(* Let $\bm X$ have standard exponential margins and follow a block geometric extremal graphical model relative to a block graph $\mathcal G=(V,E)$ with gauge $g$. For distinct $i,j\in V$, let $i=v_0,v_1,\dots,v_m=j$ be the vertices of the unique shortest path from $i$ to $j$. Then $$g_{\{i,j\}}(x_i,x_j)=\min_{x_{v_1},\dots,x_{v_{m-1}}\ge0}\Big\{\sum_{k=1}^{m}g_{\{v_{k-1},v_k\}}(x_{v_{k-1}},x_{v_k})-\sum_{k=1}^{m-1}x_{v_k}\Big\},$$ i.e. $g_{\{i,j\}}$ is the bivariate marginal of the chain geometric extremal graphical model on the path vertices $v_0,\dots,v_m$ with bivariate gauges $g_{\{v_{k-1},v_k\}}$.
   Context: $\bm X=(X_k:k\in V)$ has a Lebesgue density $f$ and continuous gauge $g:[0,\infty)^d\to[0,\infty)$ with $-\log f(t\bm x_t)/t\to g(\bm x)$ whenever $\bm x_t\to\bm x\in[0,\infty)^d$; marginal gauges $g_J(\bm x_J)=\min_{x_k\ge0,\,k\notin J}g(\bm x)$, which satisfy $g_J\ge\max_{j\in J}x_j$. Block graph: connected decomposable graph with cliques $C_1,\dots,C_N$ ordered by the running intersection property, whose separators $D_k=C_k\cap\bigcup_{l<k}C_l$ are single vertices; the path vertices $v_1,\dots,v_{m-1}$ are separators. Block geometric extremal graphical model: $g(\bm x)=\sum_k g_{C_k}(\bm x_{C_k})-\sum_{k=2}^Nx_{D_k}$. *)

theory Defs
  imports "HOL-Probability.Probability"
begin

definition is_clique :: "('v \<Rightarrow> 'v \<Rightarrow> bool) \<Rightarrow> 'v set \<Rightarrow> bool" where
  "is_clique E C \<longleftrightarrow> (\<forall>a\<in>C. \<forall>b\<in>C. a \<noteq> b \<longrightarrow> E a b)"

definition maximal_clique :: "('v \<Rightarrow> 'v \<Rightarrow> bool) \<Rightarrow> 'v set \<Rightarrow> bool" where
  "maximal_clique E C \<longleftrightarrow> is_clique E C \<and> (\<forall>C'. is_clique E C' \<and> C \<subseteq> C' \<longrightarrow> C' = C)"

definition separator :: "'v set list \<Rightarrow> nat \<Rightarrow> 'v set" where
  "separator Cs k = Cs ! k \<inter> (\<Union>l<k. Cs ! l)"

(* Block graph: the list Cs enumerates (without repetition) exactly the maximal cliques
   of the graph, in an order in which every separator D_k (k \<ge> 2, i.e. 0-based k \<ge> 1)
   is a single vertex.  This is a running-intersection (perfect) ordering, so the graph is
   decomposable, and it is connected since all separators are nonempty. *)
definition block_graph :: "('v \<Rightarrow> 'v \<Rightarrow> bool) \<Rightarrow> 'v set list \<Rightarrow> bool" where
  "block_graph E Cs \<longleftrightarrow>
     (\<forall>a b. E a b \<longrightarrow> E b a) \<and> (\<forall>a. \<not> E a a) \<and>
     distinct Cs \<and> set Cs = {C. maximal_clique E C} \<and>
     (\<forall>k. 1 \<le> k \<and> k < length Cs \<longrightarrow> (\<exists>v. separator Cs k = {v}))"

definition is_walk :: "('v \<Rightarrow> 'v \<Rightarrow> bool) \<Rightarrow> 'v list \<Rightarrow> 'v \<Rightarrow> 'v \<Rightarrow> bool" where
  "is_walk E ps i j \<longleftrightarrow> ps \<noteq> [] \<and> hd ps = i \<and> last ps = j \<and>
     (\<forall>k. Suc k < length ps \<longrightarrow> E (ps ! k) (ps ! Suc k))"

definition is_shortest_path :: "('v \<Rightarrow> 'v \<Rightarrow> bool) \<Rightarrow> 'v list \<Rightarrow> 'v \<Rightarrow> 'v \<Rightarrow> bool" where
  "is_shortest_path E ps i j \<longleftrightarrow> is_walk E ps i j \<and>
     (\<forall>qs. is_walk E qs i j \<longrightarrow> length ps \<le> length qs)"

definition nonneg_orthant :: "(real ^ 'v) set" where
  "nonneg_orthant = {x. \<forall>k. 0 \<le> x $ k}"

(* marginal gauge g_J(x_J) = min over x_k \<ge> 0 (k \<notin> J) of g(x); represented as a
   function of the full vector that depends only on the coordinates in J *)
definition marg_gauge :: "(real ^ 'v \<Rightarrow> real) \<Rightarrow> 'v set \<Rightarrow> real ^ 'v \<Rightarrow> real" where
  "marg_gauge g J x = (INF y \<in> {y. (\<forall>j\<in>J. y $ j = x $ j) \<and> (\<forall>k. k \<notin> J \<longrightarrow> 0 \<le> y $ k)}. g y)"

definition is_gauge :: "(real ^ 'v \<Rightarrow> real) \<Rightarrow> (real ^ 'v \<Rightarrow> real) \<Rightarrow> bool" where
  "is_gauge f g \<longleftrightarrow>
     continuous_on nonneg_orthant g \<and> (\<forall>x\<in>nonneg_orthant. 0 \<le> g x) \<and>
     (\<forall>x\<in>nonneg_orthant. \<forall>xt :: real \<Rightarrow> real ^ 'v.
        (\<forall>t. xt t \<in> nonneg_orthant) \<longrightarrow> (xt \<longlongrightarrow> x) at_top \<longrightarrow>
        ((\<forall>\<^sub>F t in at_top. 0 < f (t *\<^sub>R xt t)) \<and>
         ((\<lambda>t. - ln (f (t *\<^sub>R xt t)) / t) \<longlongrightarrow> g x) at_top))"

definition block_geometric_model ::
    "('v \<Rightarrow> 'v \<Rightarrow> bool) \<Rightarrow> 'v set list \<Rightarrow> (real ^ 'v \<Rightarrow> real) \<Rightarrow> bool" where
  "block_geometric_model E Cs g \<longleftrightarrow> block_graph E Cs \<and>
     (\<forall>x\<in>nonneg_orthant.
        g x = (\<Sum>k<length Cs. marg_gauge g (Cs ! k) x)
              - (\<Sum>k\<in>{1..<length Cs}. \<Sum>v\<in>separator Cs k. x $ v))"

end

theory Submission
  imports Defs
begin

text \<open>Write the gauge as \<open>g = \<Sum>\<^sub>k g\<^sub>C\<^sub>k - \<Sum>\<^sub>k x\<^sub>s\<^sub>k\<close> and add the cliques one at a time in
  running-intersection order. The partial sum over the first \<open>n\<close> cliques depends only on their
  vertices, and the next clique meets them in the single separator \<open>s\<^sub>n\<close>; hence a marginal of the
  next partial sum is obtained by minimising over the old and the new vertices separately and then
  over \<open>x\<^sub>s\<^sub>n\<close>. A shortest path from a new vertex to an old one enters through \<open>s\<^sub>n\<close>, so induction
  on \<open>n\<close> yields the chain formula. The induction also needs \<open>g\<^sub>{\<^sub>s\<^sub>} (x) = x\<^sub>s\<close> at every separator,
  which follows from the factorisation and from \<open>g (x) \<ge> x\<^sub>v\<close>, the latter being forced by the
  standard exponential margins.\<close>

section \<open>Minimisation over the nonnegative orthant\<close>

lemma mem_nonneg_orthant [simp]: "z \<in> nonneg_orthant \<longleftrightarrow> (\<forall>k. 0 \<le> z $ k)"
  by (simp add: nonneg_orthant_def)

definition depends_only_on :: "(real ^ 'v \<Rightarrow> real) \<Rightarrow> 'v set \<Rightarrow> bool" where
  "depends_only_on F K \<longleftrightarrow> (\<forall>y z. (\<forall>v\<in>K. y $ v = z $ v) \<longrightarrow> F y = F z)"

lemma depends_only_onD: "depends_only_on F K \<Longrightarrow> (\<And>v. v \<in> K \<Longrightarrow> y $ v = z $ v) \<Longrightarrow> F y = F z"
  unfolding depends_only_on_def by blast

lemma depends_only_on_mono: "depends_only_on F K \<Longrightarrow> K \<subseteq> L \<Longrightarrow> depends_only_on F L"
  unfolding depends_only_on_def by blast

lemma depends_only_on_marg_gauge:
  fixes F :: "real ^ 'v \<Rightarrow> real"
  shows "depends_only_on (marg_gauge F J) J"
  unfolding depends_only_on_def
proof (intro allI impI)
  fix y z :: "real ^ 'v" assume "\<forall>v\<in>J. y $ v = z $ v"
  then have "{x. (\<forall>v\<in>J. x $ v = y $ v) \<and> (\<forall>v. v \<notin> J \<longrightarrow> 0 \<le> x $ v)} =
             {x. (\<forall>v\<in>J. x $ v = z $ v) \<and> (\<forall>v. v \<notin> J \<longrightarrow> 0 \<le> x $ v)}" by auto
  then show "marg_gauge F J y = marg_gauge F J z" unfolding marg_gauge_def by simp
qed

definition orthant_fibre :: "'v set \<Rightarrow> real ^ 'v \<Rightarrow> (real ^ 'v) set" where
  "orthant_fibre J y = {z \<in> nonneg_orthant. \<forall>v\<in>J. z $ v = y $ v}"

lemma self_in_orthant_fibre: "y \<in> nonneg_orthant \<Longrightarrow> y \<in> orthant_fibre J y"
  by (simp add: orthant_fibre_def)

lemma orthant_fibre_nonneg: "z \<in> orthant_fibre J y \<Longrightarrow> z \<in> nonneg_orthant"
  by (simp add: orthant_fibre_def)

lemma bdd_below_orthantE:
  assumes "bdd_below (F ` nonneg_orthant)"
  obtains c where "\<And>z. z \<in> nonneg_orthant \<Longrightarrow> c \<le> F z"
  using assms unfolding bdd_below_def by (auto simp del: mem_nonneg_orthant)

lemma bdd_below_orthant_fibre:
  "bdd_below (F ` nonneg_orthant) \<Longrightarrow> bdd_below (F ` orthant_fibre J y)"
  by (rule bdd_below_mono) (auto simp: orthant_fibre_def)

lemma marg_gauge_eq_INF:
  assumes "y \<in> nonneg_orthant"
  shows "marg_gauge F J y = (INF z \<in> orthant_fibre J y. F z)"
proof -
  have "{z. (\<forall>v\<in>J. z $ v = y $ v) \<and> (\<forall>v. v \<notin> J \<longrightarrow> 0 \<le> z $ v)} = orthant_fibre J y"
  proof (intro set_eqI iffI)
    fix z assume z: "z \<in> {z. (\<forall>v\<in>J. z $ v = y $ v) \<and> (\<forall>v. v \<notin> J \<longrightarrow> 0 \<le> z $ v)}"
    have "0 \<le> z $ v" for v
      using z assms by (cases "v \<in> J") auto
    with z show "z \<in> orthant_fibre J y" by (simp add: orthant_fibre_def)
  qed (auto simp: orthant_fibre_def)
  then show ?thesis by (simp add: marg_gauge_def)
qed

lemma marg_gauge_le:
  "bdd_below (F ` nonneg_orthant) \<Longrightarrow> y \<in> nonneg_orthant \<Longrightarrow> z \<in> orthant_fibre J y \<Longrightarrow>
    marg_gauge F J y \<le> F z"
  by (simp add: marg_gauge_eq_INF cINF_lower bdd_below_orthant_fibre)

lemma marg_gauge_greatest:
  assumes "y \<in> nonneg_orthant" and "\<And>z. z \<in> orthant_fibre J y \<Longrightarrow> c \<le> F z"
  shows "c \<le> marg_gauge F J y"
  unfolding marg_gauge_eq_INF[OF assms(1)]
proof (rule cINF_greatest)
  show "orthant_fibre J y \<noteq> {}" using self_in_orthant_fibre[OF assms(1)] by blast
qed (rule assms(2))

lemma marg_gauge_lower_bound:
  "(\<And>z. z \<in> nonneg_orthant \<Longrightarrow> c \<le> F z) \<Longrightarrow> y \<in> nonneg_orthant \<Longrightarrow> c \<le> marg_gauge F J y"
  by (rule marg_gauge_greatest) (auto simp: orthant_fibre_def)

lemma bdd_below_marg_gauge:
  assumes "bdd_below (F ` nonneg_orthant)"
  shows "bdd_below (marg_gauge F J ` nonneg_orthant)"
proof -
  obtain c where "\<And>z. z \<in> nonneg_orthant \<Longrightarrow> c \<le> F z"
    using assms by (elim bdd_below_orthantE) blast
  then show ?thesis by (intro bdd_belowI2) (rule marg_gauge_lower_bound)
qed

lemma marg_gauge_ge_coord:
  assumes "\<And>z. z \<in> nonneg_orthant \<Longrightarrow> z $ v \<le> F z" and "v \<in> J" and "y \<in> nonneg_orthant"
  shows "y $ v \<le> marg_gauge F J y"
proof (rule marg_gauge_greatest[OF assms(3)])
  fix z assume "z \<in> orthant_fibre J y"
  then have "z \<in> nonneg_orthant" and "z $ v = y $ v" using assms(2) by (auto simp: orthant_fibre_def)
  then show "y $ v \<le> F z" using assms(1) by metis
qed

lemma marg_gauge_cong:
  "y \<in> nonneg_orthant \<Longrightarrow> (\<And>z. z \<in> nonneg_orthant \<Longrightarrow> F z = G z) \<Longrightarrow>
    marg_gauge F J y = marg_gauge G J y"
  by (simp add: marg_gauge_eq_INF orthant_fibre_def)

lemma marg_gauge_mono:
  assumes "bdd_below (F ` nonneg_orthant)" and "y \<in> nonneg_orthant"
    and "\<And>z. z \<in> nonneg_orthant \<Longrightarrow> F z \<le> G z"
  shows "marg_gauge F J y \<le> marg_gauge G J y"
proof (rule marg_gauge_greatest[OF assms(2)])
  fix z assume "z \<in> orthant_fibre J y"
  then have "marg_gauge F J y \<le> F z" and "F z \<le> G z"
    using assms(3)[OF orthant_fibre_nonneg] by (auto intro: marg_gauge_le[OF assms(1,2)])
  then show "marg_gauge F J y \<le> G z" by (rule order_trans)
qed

• _Problem details_: Work out how many lines of the entries include the word "longlongrightarrow", and respond with that number and nothing more.

• _Completed task_: 2